_EXTRACTED ENTRIES:_
==*==

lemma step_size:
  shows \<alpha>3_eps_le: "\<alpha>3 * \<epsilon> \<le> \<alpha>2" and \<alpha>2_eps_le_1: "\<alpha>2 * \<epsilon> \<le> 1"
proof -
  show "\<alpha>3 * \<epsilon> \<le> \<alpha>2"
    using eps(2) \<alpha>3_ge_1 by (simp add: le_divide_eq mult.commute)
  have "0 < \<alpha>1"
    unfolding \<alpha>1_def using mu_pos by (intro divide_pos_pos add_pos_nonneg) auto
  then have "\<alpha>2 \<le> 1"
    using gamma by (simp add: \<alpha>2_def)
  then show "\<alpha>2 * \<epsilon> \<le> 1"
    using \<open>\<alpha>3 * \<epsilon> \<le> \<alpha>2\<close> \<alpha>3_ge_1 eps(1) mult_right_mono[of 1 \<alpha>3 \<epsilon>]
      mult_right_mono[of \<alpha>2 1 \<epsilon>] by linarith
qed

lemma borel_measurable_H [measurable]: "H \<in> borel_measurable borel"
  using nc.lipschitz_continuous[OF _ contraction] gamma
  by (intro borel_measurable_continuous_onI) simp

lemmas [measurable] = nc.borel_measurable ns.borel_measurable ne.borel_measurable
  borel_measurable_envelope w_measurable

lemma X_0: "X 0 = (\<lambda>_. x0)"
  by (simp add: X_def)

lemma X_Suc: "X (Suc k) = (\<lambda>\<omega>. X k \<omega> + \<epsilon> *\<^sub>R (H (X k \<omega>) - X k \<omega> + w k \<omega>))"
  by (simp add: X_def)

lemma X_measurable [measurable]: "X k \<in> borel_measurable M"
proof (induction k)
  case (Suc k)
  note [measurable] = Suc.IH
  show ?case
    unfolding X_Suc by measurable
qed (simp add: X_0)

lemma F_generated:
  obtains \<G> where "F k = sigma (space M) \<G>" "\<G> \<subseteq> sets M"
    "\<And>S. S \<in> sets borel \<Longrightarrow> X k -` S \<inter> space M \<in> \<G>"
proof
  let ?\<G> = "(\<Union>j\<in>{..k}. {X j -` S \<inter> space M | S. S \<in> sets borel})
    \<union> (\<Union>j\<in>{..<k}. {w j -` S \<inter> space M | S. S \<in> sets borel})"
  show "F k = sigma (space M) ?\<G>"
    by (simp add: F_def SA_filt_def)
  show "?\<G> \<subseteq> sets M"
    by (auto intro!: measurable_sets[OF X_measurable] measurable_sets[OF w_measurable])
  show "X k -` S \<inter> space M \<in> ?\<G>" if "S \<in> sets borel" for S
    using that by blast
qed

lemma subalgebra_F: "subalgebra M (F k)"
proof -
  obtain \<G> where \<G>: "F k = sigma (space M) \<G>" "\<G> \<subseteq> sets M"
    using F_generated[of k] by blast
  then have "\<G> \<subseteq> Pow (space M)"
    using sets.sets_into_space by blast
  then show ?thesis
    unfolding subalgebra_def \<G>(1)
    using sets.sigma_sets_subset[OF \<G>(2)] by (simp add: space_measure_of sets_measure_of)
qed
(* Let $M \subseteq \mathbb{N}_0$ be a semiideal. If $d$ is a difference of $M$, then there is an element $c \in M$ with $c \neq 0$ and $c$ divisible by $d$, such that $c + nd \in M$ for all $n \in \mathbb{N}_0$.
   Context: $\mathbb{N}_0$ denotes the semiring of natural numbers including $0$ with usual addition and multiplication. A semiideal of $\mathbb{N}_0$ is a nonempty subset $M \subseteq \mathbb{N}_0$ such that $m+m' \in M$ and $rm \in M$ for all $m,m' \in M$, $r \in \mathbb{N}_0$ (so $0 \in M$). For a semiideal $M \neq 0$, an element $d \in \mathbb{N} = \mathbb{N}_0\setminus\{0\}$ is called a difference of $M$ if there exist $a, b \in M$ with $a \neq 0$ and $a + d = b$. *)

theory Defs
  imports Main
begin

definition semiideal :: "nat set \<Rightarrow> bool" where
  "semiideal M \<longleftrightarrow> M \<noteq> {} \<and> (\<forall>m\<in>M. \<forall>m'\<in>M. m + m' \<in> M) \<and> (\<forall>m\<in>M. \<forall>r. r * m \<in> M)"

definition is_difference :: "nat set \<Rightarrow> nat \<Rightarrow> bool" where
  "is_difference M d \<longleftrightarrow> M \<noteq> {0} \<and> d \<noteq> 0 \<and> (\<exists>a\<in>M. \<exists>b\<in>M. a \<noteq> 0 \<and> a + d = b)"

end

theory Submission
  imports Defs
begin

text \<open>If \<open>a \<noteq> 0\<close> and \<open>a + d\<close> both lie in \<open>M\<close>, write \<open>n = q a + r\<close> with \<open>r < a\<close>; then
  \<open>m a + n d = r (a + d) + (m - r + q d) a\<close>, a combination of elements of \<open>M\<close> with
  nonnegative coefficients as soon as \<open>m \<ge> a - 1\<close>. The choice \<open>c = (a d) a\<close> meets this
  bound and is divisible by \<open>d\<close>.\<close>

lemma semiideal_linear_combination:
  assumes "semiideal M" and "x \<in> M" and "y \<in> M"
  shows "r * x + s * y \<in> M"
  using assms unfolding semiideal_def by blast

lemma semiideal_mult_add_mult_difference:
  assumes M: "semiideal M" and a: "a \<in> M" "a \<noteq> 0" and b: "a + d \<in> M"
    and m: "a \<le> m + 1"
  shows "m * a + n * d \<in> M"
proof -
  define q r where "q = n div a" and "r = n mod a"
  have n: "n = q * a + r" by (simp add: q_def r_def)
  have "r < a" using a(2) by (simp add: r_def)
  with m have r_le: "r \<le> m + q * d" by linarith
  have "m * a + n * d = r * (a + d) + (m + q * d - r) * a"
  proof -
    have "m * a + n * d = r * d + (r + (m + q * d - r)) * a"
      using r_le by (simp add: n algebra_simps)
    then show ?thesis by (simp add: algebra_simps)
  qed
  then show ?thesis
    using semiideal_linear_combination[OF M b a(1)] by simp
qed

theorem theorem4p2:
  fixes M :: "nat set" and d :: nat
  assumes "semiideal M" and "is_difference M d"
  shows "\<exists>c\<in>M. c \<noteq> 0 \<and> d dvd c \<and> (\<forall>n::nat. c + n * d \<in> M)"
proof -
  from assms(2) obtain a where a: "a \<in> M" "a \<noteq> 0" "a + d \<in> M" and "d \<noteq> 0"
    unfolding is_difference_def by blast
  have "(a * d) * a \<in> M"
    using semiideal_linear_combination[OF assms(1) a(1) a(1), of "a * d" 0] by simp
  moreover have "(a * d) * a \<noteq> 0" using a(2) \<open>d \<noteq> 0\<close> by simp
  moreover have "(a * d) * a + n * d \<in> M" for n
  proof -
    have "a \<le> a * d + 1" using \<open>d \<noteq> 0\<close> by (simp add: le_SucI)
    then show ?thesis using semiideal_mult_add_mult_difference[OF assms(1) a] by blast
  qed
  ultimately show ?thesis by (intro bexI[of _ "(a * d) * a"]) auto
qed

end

==*==

_WORK TO BE COMPLETED:_ Repeat the whole listing above exactly.

_YOUR SOLUTION:_
lemma step_size:
  shows \<alpha>3_eps_le: "\<alpha>3 * \<epsilon> \<le> \<alpha>2" and \<alpha>2_eps_le_1: "\<alpha>2 * \<epsilon> \<le> 1"
proof -
  show "\<alpha>3 * \<epsilon> \<le> \<alpha>2"
    using eps(2) \<alpha>3_ge_1 by (simp add: le_divide_eq mult.commute)
  have "0 < \<alpha>1"
    unfolding \<alpha>1_def using mu_pos by (intro divide_pos_pos add_pos_nonneg) auto
  then have "\<alpha>2 \<le> 1"
    using gamma by (simp add: \<alpha>2_def)
  then show "\<alpha>2 * \<epsilon> \<le> 1"
    using \<open>\<alpha>3 * \<epsilon> \<le> \<alpha>2\<close> \<alpha>3_ge_1 eps(1) mult_right_mono[of 1 \<alpha>3 \<epsilon>]
      mult_right_mono[of \<alpha>2 1 \<epsilon>] by linarith
qed

lemma borel_measurable_H [measurable]: "H \<in> borel_measurable borel"
  using nc.lipschitz_continuous[OF _ contraction] gamma
  by (intro borel_measurable_continuous_onI) simp

lemmas [measurable] = nc.borel_measurable ns.borel_measurable ne.borel_measurable
  borel_measurable_envelope w_measurable

lemma X_0: "X 0 = (\<lambda>_. x0)"
  by (simp add: X_def)

lemma X_Suc: "X (Suc k) = (\<lambda>\<omega>. X k \<omega> + \<epsilon> *\<^sub>R (H (X k \<omega>) - X k \<omega> + w k \<omega>))"
  by (simp add: X_def)

lemma X_measurable [measurable]: "X k \<in> borel_measurable M"
proof (induction k)
  case (Suc k)
  note [measurable] = Suc.IH
  show ?case
    unfolding X_Suc by measurable
qed (simp add: X_0)

lemma F_generated:
  obtains \<G> where "F k = sigma (space M) \<G>" "\<G> \<subseteq> sets M"
    "\<And>S. S \<in> sets borel \<Longrightarrow> X k -` S \<inter> space M \<in> \<G>"
proof
  let ?\<G> = "(\<Union>j\<in>{..k}. {X j -` S \<inter> space M | S. S \<in> sets borel})
    \<union> (\<Union>j\<in>{..<k}. {w j -` S \<inter> space M | S. S \<in> sets borel})"
  show "F k = sigma (space M) ?\<G>"
    by (simp add: F_def SA_filt_def)
  show "?\<G> \<subseteq> sets M"
    by (auto intro!: measurable_sets[OF X_measurable] measurable_sets[OF w_measurable])
  show "X k -` S \<inter> space M \<in> ?\<G>" if "S \<in> sets borel" for S
    using that by blast
qed

lemma subalgebra_F: "subalgebra M (F k)"
proof -
  obtain \<G> where \<G>: "F k = sigma (space M) \<G>" "\<G> \<subseteq> sets M"
    using F_generated[of k] by blast
  then have "\<G> \<subseteq> Pow (space M)"
    using sets.sets_into_space by blast
  then show ?thesis
    unfolding subalgebra_def \<G>(1)
    using sets.sigma_sets_subset[OF \<G>(2)] by (simp add: space_measure_of sets_measure_of)
qed
(* Let $M \subseteq \mathbb{N}_0$ be a semiideal. If $d$ is a difference of $M$, then there is an element $c \in M$ with $c \neq 0$ and $c$ divisible by $d$, such that $c + nd \in M$ for all $n \in \mathbb{N}_0$.
   Context: $\mathbb{N}_0$ denotes the semiring of natural numbers including $0$ with usual addition and multiplication. A semiideal of $\mathbb{N}_0$ is a nonempty subset $M \subseteq \mathbb{N}_0$ such that $m+m' \in M$ and $rm \in M$ for all $m,m' \in M$, $r \in \mathbb{N}_0$ (so $0 \in M$). For a semiideal $M \neq 0$, an element $d \in \mathbb{N} = \mathbb{N}_0\setminus\{0\}$ is called a difference of $M$ if there exist $a, b \in M$ with $a \neq 0$ and $a + d = b$. *)

theory Defs
  imports Main
begin

definition semiideal :: "nat set \<Rightarrow> bool" where
  "semiideal M \<longleftrightarrow> M \<noteq> {} \<and> (\<forall>m\<in>M. \<forall>m'\<in>M. m + m' \<in> M) \<and> (\<forall>m\<in>M. \<forall>r. r * m \<in> M)"

definition is_difference :: "nat set \<Rightarrow> nat \<Rightarrow> bool" where
  "is_difference M d \<longleftrightarrow> M \<noteq> {0} \<and> d \<noteq> 0 \<and> (\<exists>a\<in>M. \<exists>b\<in>M. a \<noteq> 0 \<and> a + d = b)"

end

theory Submission
  imports Defs
begin

text \<open>If \<open>a \<noteq> 0\<close> and \<open>a + d\<close> both lie in \<open>M\<close>, write \<open>n = q a + r\<close> with \<open>r < a\<close>; then
  \<open>m a + n d = r (a + d) + (m - r + q d) a\<close>, a combination of elements of \<open>M\<close> with
  nonnegative coefficients as soon as \<open>m \<ge> a - 1\<close>. The choice \<open>c = (a d) a\<close> meets this
  bound and is divisible by \<open>d\<close>.\<close>

lemma semiideal_linear_combination:
  assumes "semiideal M" and "x \<in> M" and "y \<in> M"
  shows "r * x + s * y \<in> M"
  using assms unfolding semiideal_def by blast

lemma semiideal_mult_add_mult_difference:
  assumes M: "semiideal M" and a: "a \<in> M" "a \<noteq> 0" and b: "a + d \<in> M"
    and m: "a \<le> m + 1"
  shows "m * a + n * d \<in> M"
proof -
  define q r where "q = n div a" and "r = n mod a"
  have n: "n = q * a + r" by (simp add: q_def r_def)
  have "r < a" using a(2) by (simp add: r_def)
  with m have r_le: "r \<le> m + q * d" by linarith
  have "m * a + n * d = r * (a + d) + (m + q * d - r) * a"
  proof -
    have "m * a + n * d = r * d + (r + (m + q * d - r)) * a"
      using r_le by (simp add: n algebra_simps)
    then show ?thesis by (simp add: algebra_simps)
  qed
  then show ?thesis
    using semiideal_linear_combination[OF M b a(1)] by simp
qed

theorem theorem4p2:
  fixes M :: "nat set" and d :: nat
  assumes "semiideal M" and "is_difference M d"
  shows "\<exists>c\<in>M. c \<noteq> 0 \<and> d dvd c \<and> (\<forall>n::nat. c + n * d \<in> M)"
proof -
  from assms(2) obtain a where a: "a \<in> M" "a \<noteq> 0" "a + d \<in> M" and "d \<noteq> 0"
    unfolding is_difference_def by blast
  have "(a * d) * a \<in> M"
    using semiideal_linear_combination[OF assms(1) a(1) a(1), of "a * d" 0] by simp
  moreover have "(a * d) * a \<noteq> 0" using a(2) \<open>d \<noteq> 0\<close> by simp
  moreover have "(a * d) * a + n * d \<in> M" for n
  proof -
    have "a \<le> a * d + 1" using \<open>d \<noteq> 0\<close> by (simp add: le_SucI)
    then show ?thesis using semiideal_mult_add_mult_difference[OF assms(1) a] by blast
  qed
  ultimately show ?thesis by (intro bexI[of _ "(a * d) * a"]) auto
qed

end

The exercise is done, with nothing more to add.